Extracted entries:
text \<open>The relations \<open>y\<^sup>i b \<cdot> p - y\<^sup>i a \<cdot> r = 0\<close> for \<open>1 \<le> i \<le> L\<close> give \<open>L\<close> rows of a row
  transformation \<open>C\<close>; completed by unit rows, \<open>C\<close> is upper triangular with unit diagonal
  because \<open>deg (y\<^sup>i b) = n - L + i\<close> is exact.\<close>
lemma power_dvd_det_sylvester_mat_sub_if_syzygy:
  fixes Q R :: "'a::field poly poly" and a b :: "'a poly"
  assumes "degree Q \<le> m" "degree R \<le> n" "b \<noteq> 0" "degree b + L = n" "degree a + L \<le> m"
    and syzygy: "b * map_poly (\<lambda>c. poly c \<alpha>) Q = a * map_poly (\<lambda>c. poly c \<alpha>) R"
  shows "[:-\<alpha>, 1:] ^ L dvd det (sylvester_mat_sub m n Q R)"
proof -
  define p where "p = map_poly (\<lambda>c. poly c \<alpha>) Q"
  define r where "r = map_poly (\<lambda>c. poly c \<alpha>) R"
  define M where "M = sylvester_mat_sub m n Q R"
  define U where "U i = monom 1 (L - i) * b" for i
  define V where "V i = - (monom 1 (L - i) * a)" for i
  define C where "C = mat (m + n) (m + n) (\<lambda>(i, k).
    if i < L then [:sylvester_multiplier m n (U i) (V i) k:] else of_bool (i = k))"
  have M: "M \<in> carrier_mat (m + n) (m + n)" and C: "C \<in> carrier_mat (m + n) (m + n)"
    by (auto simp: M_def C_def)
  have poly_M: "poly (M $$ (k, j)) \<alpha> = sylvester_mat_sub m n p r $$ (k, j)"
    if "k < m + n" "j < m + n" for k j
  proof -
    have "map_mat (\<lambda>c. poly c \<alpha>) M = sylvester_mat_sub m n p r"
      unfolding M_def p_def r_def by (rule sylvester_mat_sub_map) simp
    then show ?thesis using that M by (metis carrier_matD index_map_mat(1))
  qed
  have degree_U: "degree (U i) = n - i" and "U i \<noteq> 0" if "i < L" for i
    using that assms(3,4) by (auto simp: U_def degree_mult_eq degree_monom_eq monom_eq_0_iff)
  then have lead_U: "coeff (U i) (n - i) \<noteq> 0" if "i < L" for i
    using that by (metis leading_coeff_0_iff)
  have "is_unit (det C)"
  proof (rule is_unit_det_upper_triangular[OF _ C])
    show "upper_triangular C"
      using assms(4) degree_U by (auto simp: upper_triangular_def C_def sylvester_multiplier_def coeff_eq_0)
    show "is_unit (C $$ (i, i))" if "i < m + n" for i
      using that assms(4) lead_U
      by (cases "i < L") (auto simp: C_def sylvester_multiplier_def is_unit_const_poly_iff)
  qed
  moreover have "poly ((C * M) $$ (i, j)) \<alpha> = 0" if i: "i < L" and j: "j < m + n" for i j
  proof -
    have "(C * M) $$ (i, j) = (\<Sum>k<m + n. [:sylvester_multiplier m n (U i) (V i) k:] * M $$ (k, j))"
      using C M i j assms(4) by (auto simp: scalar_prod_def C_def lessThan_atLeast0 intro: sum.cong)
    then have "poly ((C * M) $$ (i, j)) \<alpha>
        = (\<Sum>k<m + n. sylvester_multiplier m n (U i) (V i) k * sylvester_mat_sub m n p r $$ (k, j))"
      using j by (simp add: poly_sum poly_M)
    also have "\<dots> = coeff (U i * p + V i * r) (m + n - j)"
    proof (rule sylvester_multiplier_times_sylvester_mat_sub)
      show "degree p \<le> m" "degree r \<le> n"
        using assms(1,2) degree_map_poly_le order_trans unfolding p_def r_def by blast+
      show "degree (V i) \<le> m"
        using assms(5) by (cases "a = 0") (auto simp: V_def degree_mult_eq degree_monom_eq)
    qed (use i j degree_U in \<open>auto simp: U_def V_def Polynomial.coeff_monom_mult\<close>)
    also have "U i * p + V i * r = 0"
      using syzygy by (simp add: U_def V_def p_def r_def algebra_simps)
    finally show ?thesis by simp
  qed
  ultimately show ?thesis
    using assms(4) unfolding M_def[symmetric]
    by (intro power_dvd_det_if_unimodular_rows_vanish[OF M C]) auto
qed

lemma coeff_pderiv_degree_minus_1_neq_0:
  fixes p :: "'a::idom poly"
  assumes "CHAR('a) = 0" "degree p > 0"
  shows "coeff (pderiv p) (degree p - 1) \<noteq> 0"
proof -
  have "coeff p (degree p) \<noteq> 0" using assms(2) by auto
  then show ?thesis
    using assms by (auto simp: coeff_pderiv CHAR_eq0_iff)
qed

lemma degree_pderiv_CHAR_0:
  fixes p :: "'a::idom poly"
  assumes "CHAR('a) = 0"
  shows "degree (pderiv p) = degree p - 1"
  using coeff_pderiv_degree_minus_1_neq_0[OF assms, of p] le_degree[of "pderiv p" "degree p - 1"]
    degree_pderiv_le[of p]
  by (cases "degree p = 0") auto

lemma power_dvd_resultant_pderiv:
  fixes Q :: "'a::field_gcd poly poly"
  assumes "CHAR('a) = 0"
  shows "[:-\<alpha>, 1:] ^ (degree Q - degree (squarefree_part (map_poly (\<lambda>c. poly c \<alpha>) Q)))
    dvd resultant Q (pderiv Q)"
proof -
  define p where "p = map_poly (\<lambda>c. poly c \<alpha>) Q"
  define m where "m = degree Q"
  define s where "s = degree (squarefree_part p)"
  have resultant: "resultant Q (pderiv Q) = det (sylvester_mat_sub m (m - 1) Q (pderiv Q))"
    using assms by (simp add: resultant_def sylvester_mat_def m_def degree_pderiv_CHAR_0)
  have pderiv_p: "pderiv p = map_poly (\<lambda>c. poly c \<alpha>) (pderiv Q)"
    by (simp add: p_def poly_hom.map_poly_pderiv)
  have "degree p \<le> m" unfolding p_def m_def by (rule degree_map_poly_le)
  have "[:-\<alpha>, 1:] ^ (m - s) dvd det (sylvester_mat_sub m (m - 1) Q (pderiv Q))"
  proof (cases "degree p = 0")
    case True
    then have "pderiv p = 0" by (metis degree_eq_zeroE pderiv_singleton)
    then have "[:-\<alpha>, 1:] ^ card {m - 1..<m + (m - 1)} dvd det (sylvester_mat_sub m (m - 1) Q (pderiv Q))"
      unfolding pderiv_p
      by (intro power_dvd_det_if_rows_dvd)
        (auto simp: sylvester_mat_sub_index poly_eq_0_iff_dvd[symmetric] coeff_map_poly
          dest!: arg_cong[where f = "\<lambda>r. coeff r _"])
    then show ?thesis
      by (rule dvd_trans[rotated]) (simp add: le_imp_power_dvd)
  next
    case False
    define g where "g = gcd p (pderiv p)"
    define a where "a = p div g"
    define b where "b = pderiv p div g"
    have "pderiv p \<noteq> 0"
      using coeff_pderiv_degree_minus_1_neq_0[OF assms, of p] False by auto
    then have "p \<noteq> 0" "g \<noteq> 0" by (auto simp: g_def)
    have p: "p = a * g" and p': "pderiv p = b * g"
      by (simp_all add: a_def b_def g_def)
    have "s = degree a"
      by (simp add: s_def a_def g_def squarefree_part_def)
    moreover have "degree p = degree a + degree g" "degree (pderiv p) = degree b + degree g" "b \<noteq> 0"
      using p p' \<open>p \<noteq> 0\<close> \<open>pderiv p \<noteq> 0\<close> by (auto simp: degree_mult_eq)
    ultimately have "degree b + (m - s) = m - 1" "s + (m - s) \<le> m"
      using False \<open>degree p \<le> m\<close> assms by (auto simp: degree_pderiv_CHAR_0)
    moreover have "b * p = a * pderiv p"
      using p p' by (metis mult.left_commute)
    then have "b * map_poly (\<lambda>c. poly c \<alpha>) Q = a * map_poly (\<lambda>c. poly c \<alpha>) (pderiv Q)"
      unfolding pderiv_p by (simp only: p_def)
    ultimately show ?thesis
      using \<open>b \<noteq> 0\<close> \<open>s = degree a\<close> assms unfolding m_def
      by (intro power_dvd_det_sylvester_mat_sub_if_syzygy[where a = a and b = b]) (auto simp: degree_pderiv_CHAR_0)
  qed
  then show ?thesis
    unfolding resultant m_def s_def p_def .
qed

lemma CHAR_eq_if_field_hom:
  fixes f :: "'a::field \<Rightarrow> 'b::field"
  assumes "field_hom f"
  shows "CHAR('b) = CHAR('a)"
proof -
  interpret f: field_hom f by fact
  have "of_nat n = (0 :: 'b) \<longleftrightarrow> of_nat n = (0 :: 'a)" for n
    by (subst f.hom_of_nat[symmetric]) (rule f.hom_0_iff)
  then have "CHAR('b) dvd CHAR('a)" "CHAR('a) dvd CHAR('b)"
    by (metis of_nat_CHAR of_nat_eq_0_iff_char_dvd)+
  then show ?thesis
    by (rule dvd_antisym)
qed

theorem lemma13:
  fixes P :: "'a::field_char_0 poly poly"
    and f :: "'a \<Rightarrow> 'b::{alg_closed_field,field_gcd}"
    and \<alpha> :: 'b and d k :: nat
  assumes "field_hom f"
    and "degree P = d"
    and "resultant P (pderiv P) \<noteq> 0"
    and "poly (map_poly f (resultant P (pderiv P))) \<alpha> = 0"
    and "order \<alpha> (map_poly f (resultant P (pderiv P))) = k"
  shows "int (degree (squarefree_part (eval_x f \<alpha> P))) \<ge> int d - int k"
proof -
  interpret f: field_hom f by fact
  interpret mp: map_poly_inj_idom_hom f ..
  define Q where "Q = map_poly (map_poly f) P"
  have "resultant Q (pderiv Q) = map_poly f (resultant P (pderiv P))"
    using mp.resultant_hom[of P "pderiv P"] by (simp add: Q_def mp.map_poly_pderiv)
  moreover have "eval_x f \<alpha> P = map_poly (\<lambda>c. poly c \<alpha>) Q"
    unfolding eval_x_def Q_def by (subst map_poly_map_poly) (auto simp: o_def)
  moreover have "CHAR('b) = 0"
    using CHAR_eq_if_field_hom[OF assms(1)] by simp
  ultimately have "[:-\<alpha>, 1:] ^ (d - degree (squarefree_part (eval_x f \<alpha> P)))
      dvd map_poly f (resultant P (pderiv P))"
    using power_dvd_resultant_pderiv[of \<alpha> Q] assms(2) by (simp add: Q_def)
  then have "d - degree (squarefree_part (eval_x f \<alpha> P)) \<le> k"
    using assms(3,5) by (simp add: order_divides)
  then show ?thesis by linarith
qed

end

Exercise aim: Using the data above, reproduce exactly the lines between those holding "(auto simp: g_def)" and "by (simp add: s_def", inclusive, and no others.

Written reply:
    then have "p \<noteq> 0" "g \<noteq> 0" by (auto simp: g_def)
    have p: "p = a * g" and p': "pderiv p = b * g"
      by (simp_all add: a_def b_def g_def)
    have "s = degree a"
      by (simp add: s_def a_def g_def squarefree_part_def)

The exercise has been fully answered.